# DVD Raffle: Lance Armstrong - Behind The Legend



## dmoan (24 Nov 2009)

Free to a good home(!)

DVD of 'Lance Armstrong: The Man Behind the Legend' - free to anyone who wants it. Unwanted free gift for subscribing to Procycling, or something like that a while ago.
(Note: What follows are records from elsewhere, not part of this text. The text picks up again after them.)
(* Let $\mu$ be a joint distribution of a triple $(X,A,Y)$ with $X\in\mathcal{X}\subseteq\mathbb{R}^d$, $A\in\{0,1\}$ with $\Pr(A=0),\Pr(A=1)>0$, and $Y\in[-1,1]$. Let $h:\mathcal{X}\to\mathbb{R}$ be measurable and $\widehat{Y}=h(X)$. If $\widehat{Y}$ is statistically independent of $A$, then $$\varepsilon_{1,\mu_0}(\widehat{Y})+\varepsilon_{1,\mu_1}(\widehat{Y})\geq|\mathbb{E}_{\mu_0}[Y]-\mathbb{E}_{\mu_1}[Y]|$$ and $$\varepsilon^2_{2,\mu_0}(\widehat{Y})+\varepsilon^2_{2,\mu_1}(\widehat{Y})\geq\tfrac{1}{2}|\mathbb{E}_{\mu_0}[Y]-\mathbb{E}_{\mu_1}[Y]|^2.$$
   Context: For $a\in\{0,1\}$, $\mu_a$ is the conditional distribution of $(X,Y)$ given $A=a$. For a distribution $\nu$ and $p\ge1$, $\varepsilon_{p,\nu}(\widehat{Y}):=\left(\mathbb{E}_\nu[|\widehat{Y}-Y|^p]\right)^{1/p}$. *)

theory Defs
  imports "HOL-Probability.Probability"
begin

definition cond_dist ::
  "'w measure \<Rightarrow> ('w \<Rightarrow> 'x::topological_space) \<Rightarrow> ('w \<Rightarrow> real) \<Rightarrow> ('w \<Rightarrow> real) \<Rightarrow> real
     \<Rightarrow> ('x \<times> real) measure" where
  "cond_dist M X A Y a =
     distr (uniform_measure M {w \<in> space M. A w = a}) (borel \<Otimes>\<^sub>M borel) (\<lambda>w. (X w, Y w))"

definition err :: "real \<Rightarrow> ('x \<times> real) measure \<Rightarrow> ('x \<Rightarrow> real) \<Rightarrow> ennreal" where
  "err p \<nu> h =
     (let I = (\<integral>\<^sup>+ z. ennreal (\<bar>h (fst z) - snd z\<bar> powr p) \<partial>\<nu>)
      in if I = \<infinity> then \<infinity> else ennreal (enn2real I powr (1 / p)))"

end

theory Submission
  imports Defs
begin

text \<open>
  Since the prediction h(X) is independent of A, conditioning on an event {A = a} of positive
  probability leaves its law unchanged, so h(X) has one and the same mean c under both
  conditional distributions. By Jensen's inequality the distance from E[Y] to c under each
  conditional distribution is at most its L1 error, and its square at most its squared L2 error;
  the triangle inequality and (u - v)^2 \<le> 2 (u^2 + v^2) then give the two bounds.
\<close>

lemma err_cases:
  fixes \<nu> :: "('x \<times> real) measure" and h :: "'x \<Rightarrow> real"
  assumes "(\<lambda>z. h (fst z) - snd z) \<in> borel_measurable \<nu>"
  obtains "err p \<nu> h = \<infinity>"
  | "integrable \<nu> (\<lambda>z. \<bar>h (fst z) - snd z\<bar> powr p)"
    "err p \<nu> h = ennreal ((\<integral>z. \<bar>h (fst z) - snd z\<bar> powr p \<partial>\<nu>) powr (1 / p))"
proof (cases "(\<integral>\<^sup>+z. ennreal (\<bar>h (fst z) - snd z\<bar> powr p) \<partial>\<nu>) = \<infinity>")
  case True
  then show ?thesis using that(1) by (simp add: err_def)
next
  case False
  then have int: "integrable \<nu> (\<lambda>z. \<bar>h (fst z) - snd z\<bar> powr p)"
    using assms by (simp add: integrable_iff_bounded less_top)
  then have "(\<integral>\<^sup>+z. ennreal (\<bar>h (fst z) - snd z\<bar> powr p) \<partial>\<nu>)
      = ennreal (\<integral>z. \<bar>h (fst z) - snd z\<bar> powr p \<partial>\<nu>)"
    by (intro nn_integral_eq_integral) auto
  then show ?thesis
    using that(2)[OF int] False by (simp add: err_def integral_nonneg_AE)
qed

lemma abs_mean_gap_le_err_1:
  fixes \<nu> :: "('x \<times> real) measure" and h :: "'x \<Rightarrow> real"
  assumes "integrable \<nu> snd" and "(\<lambda>z. h (fst z)) \<in> borel_measurable \<nu>"
  shows "ennreal \<bar>(\<integral>z. snd z \<partial>\<nu>) - (\<integral>z. h (fst z) \<partial>\<nu>)\<bar> \<le> err 1 \<nu> h"
proof -
  let ?f = "\<lambda>z. h (fst z) - snd z"
  have f_meas: "?f \<in> borel_measurable \<nu>"
    using assms by measurable
  show ?thesis
  proof (cases rule: err_cases[OF f_meas, of 1])
    case 1
    then show ?thesis by simp
  next
    case 2
    then have "integrable \<nu> ?f"
      using integrable_abs_iff[OF f_meas] by simp
    from Bochner_Integration.integrable_add[OF this assms(1)]
    have "integrable \<nu> (\<lambda>z. h (fst z))" by simp
    then have "\<bar>(\<integral>z. snd z \<partial>\<nu>) - (\<integral>z. h (fst z) \<partial>\<nu>)\<bar> = \<bar>\<integral>z. ?f z \<partial>\<nu>\<bar>"
      using assms(1) by simp
    also have "\<dots> \<le> (\<integral>z. \<bar>?f z\<bar> \<partial>\<nu>)"
      by (rule integral_abs_bound)
    finally show ?thesis
      using 2 by (simp add: ennreal_leI)
  qed
qed

lemma sq_mean_gap_le_err_2:
  fixes \<nu> :: "('x \<times> real) measure" and h :: "'x \<Rightarrow> real"
  assumes "prob_space \<nu>" and "integrable \<nu> snd" and "(\<lambda>z. h (fst z)) \<in> borel_measurable \<nu>"
  shows "ennreal (((\<integral>z. snd z \<partial>\<nu>) - (\<integral>z. h (fst z) \<partial>\<nu>))\<^sup>2) \<le> (err 2 \<nu> h)\<^sup>2"
proof -
  interpret prob_space \<nu> by fact
  let ?f = "\<lambda>z. h (fst z) - snd z"
  have f_meas: "?f \<in> borel_measurable \<nu>"
    using assms(2,3) by measurable
  show ?thesis
  proof (cases rule: err_cases[OF f_meas, of 2])
    case 1
    then show ?thesis by simp
  next
    case 2
    then have sq_int: "integrable \<nu> (\<lambda>z. (?f z)\<^sup>2)"
      by simp
    then have "integrable \<nu> ?f"
      using f_meas by (blast dest: square_integrable_imp_integrable)
    from Bochner_Integration.integrable_add[OF this assms(2)]
    have "integrable \<nu> (\<lambda>z. h (fst z))" by simp
    then have "((\<integral>z. snd z \<partial>\<nu>) - (\<integral>z. h (fst z) \<partial>\<nu>))\<^sup>2 = (\<integral>z. ?f z \<partial>\<nu>)\<^sup>2"
      using assms(2) by (simp add: power2_commute)
    also have "\<dots> \<le> (\<integral>z. (?f z)\<^sup>2 \<partial>\<nu>)"
      using variance_eq[OF \<open>integrable \<nu> ?f\<close> sq_int] variance_positive[of ?f] by simp
    finally have "ennreal (((\<integral>z. snd z \<partial>\<nu>) - (\<integral>z. h (fst z) \<partial>\<nu>))\<^sup>2)
        \<le> ennreal (\<integral>z. (?f z)\<^sup>2 \<partial>\<nu>)"
      by (rule ennreal_leI)
    moreover have "(err 2 \<nu> h)\<^sup>2 = ennreal (\<integral>z. (?f z)\<^sup>2 \<partial>\<nu>)"
      using 2 by (simp add: ennreal_power powr_half_sqrt integral_nonneg_AE)
    ultimately show ?thesis by simp
  qed
qed

lemma half_sq_diff_le_sum_sq_dist:
  fixes a b c :: real
  shows "1/2 * (a - b)\<^sup>2 \<le> (a - c)\<^sup>2 + (b - c)\<^sup>2"
proof -
  have "(a - c)\<^sup>2 + (b - c)\<^sup>2 - 1/2 * (a - b)\<^sup>2 = 1/2 * (a + b - 2 * c)\<^sup>2"
    by (simp add: power2_eq_square algebra_simps)
  then show ?thesis
    using zero_le_power2[of "a + b - 2 * c"] by linarith
qed

lemma mean_gap_le_err_sum:
  fixes \<nu>\<^sub>0 \<nu>\<^sub>1 :: "('x \<times> real) measure" and h :: "'x \<Rightarrow> real"
  assumes "prob_space \<nu>\<^sub>0" "integrable \<nu>\<^sub>0 snd" "(\<lambda>z. h (fst z)) \<in> borel_measurable \<nu>\<^sub>0"
    and "prob_space \<nu>\<^sub>1" "integrable \<nu>\<^sub>1 snd" "(\<lambda>z. h (fst z)) \<in> borel_measurable \<nu>\<^sub>1"
    and same_mean: "(\<integral>z. h (fst z) \<partial>\<nu>\<^sub>0) = (\<integral>z. h (fst z) \<partial>\<nu>\<^sub>1)"
  shows "ennreal \<bar>(\<integral>z. snd z \<partial>\<nu>\<^sub>0) - (\<integral>z. snd z \<partial>\<nu>\<^sub>1)\<bar> \<le> err 1 \<nu>\<^sub>0 h + err 1 \<nu>\<^sub>1 h"
    and "ennreal (1/2 * \<bar>(\<integral>z. snd z \<partial>\<nu>\<^sub>0) - (\<integral>z. snd z \<partial>\<nu>\<^sub>1)\<bar>\<^sup>2)
      \<le> (err 2 \<nu>\<^sub>0 h)\<^sup>2 + (err 2 \<nu>\<^sub>1 h)\<^sup>2"
proof -
  define a b c where "a = (\<integral>z. snd z \<partial>\<nu>\<^sub>0)" and "b = (\<integral>z. snd z \<partial>\<nu>\<^sub>1)"
    and "c = (\<integral>z. h (fst z) \<partial>\<nu>\<^sub>0)"
  have "ennreal \<bar>a - b\<bar> \<le> ennreal (\<bar>a - c\<bar> + \<bar>b - c\<bar>)"
    by (rule ennreal_leI) linarith
  also have "\<dots> = ennreal \<bar>a - c\<bar> + ennreal \<bar>b - c\<bar>"
    by (simp add: ennreal_plus)
  also have "\<dots> \<le> err 1 \<nu>\<^sub>0 h + err 1 \<nu>\<^sub>1 h"
    using abs_mean_gap_le_err_1[OF assms(2,3)] abs_mean_gap_le_err_1[OF assms(5,6)] same_mean
    unfolding a_def b_def c_def by (intro add_mono) simp_all
  finally show "ennreal \<bar>a - b\<bar> \<le> err 1 \<nu>\<^sub>0 h + err 1 \<nu>\<^sub>1 h" .
  have "ennreal (1/2 * \<bar>a - b\<bar>\<^sup>2) \<le> ennreal ((a - c)\<^sup>2 + (b - c)\<^sup>2)"
    using half_sq_diff_le_sum_sq_dist[of a b c] by (intro ennreal_leI) simp
  also have "\<dots> = ennreal ((a - c)\<^sup>2) + ennreal ((b - c)\<^sup>2)"
    by (simp add: ennreal_plus)
  also have "\<dots> \<le> (err 2 \<nu>\<^sub>0 h)\<^sup>2 + (err 2 \<nu>\<^sub>1 h)\<^sup>2"
    using sq_mean_gap_le_err_2[OF assms(1-3)] sq_mean_gap_le_err_2[OF assms(4-6)] same_mean
    unfolding a_def b_def c_def by (intro add_mono) simp_all
  finally show "ennreal (1/2 * \<bar>a - b\<bar>\<^sup>2) \<le> (err 2 \<nu>\<^sub>0 h)\<^sup>2 + (err 2 \<nu>\<^sub>1 h)\<^sup>2" .
qed

lemma (in prob_space) distr_uniform_measure_indep_event:
  assumes indep: "indep_var N G T A" and B: "B \<in> sets T"
    and pos: "prob (A -` B \<inter> space M) > 0"
  shows "distr (uniform_measure M (A -` B \<inter> space M)) N G = distr M N G"
proof (rule measure_eqI)
  show "sets (distr (uniform_measure M (A -` B \<inter> space M)) N G) = sets (distr M N G)"
    by simp
next
  fix C assume "C \<in> sets (distr (uniform_measure M (A -` B \<inter> space M)) N G)"
  then have C: "C \<in> sets N" by simp
  have G: "G \<in> measurable M N" and A: "A \<in> measurable M T"
    using indep_var_rv1[OF indep] indep_var_rv2[OF indep] by auto
  let ?E = "A -` B \<inter> space M" and ?F = "G -` C \<inter> space M"
  have E: "?E \<in> events" and F: "?F \<in> events"
    using measurable_sets[OF A B] measurable_sets[OF G C] by auto
  have "?E \<inter> ?F = (\<lambda>x. (G x, A x)) -` (C \<times> B) \<inter> space M"
    by auto
  then have "prob (?E \<inter> ?F) = prob ?F * prob ?E"
    using indep_varD[OF indep C B] by simp
  then have "emeasure (uniform_measure M ?E) ?F = emeasure M ?F"
    using pos E F by (simp add: emeasure_eq_measure divide_ennreal)
  then show "emeasure (distr (uniform_measure M ?E) N G) C = emeasure (distr M N G) C"
    using C G by (simp add: emeasure_distr)
qed

lemma (in prob_space) prob_space_uniform_measure_event:
  assumes "S \<in> events" and "prob S > 0"
  shows "prob_space (uniform_measure M S)"
  using assms by (intro prob_space_uniform_measure) (simp_all add: emeasure_eq_measure)

lemma sets_cond_dist [simp, measurable_cong]:
  "sets (cond_dist M X A Y a) = sets (borel \<Otimes>\<^sub>M borel)"
  by (simp add: cond_dist_def)

context
  fixes M :: "'w measure" and X :: "'w \<Rightarrow> 'x::topological_space" and Y :: "'w \<Rightarrow> real"
  assumes X [measurable]: "X \<in> borel_measurable M" and Y [measurable]: "Y \<in> borel_measurable M"
begin

lemma integral_cond_dist:
  fixes g :: "'x \<times> real \<Rightarrow> real"
  assumes "g \<in> borel_measurable (borel \<Otimes>\<^sub>M borel)"
  shows "(\<integral>z. g z \<partial>cond_dist M X A Y a)
    = (\<integral>w. g (X w, Y w) \<partial>uniform_measure M {w \<in> space M. A w = a})"
  unfolding cond_dist_def using assms by (intro integral_distr) measurable

lemma integrable_cond_dist_iff:
  fixes g :: "'x \<times> real \<Rightarrow> real"
  assumes "g \<in> borel_measurable (borel \<Otimes>\<^sub>M borel)"
  shows "integrable (cond_dist M X A Y a) g
    \<longleftrightarrow> integrable (uniform_measure M {w \<in> space M. A w = a}) (\<lambda>w. g (X w, Y w))"
  unfolding cond_dist_def using assms by (intro integrable_distr_eq) measurable

end

context prob_space
begin

lemma prob_space_uniform_measure_level_set:
  fixes A :: "'a \<Rightarrow> real"
  assumes [measurable]: "A \<in> borel_measurable M" and "prob {w \<in> space M. A w = a} > 0"
  shows "prob_space (uniform_measure M {w \<in> space M. A w = a})"
  using assms(2) by (intro prob_space_uniform_measure_event) measurable

context
  fixes X :: "'a \<Rightarrow> 'x::topological_space" and A Y :: "'a \<Rightarrow> real" and a :: real
  assumes X [measurable]: "X \<in> borel_measurable M" and A [measurable]: "A \<in> borel_measurable M"
    and Y [measurable]: "Y \<in> borel_measurable M"
    and pos: "prob {w \<in> space M. A w = a} > 0"
begin

lemma prob_space_cond_dist: "prob_space (cond_dist M X A Y a)"
  unfolding cond_dist_def
  by (intro prob_space.prob_space_distr prob_space_uniform_measure_level_set[OF A pos]) measurable

lemma integrable_snd_cond_dist:
  assumes "\<And>w. w \<in> space M \<Longrightarrow> \<bar>Y w\<bar> \<le> B"
  shows "integrable (cond_dist M X A Y a) snd"
proof -
  interpret U: prob_space "uniform_measure M {w \<in> space M. A w = a}"
    by (rule prob_space_uniform_measure_level_set[OF A pos])
  have "integrable (uniform_measure M {w \<in> space M. A w = a}) Y"
    using assms by (intro U.integrable_const_bound[where B = B]) auto
  then show ?thesis
    by (simp add: integrable_cond_dist_iff[OF X Y])
qed

lemma integral_predictor_cond_dist_indep:
  fixes h :: "'x \<Rightarrow> real"
  assumes [measurable]: "h \<in> borel_measurable borel"
    and indep: "indep_var borel (\<lambda>w. h (X w)) borel A"
  shows "(\<integral>z. h (fst z) \<partial>cond_dist M X A Y a) = expectation (\<lambda>w. h (X w))"
proof -
  let ?E = "A -` {a} \<inter> space M"
  have E: "{w \<in> space M. A w = a} = ?E"
    by auto
  have "(\<integral>z. h (fst z) \<partial>cond_dist M X A Y a) = (\<integral>w. h (X w) \<partial>uniform_measure M ?E)"
    by (simp add: integral_cond_dist[OF X Y] E)
  also have "\<dots> = (\<integral>x. x \<partial>distr (uniform_measure M ?E) borel (\<lambda>w. h (X w)))"
    by (simp add: integral_distr)
  also have "\<dots> = (\<integral>x. x \<partial>distr M borel (\<lambda>w. h (X w)))"
    using distr_uniform_measure_indep_event[OF indep _ pos[unfolded E]] by simp
  also have "\<dots> = expectation (\<lambda>w. h (X w))"
    by (simp add: integral_distr)
  finally show ?thesis .
qed

end

end

theorem corollary1:
  fixes M :: "'w measure"
    and X :: "'w \<Rightarrow> real ^ 'd"
    and A :: "'w \<Rightarrow> real"
    and Y :: "'w \<Rightarrow> real"
    and h :: "real ^ 'd \<Rightarrow> real"
  assumes "prob_space M"
    and "X \<in> borel_measurable M"
    and "A \<in> borel_measurable M"
    and "Y \<in> borel_measurable M"
    and "\<And>w. w \<in> space M \<Longrightarrow> A w \<in> {0, 1}"
    and "\<And>w. w \<in> space M \<Longrightarrow> \<bar>Y w\<bar> \<le> 1"
    and "measure M {w \<in> space M. A w = 0} > 0"
    and "measure M {w \<in> space M. A w = 1} > 0"
    and "h \<in> borel_measurable borel"
    and "prob_space.indep_var M (borel :: real measure) (\<lambda>w. h (X w)) (borel :: real measure) A"
  shows "(err 1 (cond_dist M X A Y 0) h + err 1 (cond_dist M X A Y 1) h
           \<ge> ennreal \<bar>(\<integral>z. snd z \<partial>cond_dist M X A Y 0) - (\<integral>z. snd z \<partial>cond_dist M X A Y 1)\<bar>)
         \<and> ((err 2 (cond_dist M X A Y 0) h)\<^sup>2 + (err 2 (cond_dist M X A Y 1) h)\<^sup>2
           \<ge> ennreal (1/2 * \<bar>(\<integral>z. snd z \<partial>cond_dist M X A Y 0) - (\<integral>z. snd z \<partial>cond_dist M X A Y 1)\<bar>\<^sup>2))"
proof -
  interpret M: prob_space M by fact
  note [measurable] = assms(2,3,4,9)
  have h_fst_meas: "(\<lambda>z. h (fst z)) \<in> borel_measurable (cond_dist M X A Y a)" for a
    by measurable
  have cond: "prob_space (cond_dist M X A Y a)" "integrable (cond_dist M X A Y a) snd"
    "(\<integral>z. h (fst z) \<partial>cond_dist M X A Y a) = M.expectation (\<lambda>w. h (X w))"
    if "measure M {w \<in> space M. A w = a} > 0" for a
    using M.prob_space_cond_dist[OF assms(2-4) that]
      M.integrable_snd_cond_dist[OF assms(2-4) that assms(6)]
      M.integral_predictor_cond_dist_indep[OF assms(2-4) that assms(9,10)]
    by blast+
  show ?thesis
    using mean_gap_le_err_sum[OF cond(1,2)[OF assms(7)] h_fst_meas cond(1,2)[OF assms(8)] h_fst_meas]
      cond(3)[OF assms(7)] cond(3)[OF assms(8)]
    by simp
qed

end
Just post below and I'll draw the 'winning' name out of a hat at the weekend.


----------



## ianrauk (24 Nov 2009)

yep, chuck me in squire


----------



## Panter (24 Nov 2009)

Oooh, oooh, me please


----------



## dmoan (24 Nov 2009)

ianrauk said:


> yep, chuck me in squire



Just as long as you promise never to send it back to me!


----------



## eldudino (25 Nov 2009)

I'm in!


----------



## Soltydog (25 Nov 2009)

pop my name in the hat too please


----------



## addictfreak (25 Nov 2009)

Yep me too please, big lance fan


----------



## mad al (25 Nov 2009)

Ooooooooooooo yes please, I could watch that when I climb on the turbo

Al


----------



## jasonmccullum (27 Nov 2009)

count me in to please


----------



## JiMBR (27 Nov 2009)

me too please


----------



## ACS (28 Nov 2009)

Me to please


----------



## JiMBR (28 Nov 2009)

Ahh, go on...me too please.


----------



## ACS (28 Nov 2009)

& me please


----------



## dan_bo (28 Nov 2009)

ooh go on then


----------



## dan_bo (28 Nov 2009)

please


----------



## dmoan (30 Nov 2009)

And the winner is ...

jasonmccullum!

PM me your address details and I'll pop the book in the post tommorow!


----------



## jasonmccullum (2 Dec 2009)

Recieved the DVD this morning. Thank You Very Much


----------



## OLDSHUNTER (11 Dec 2009)

*raffle*

I me anaw


----------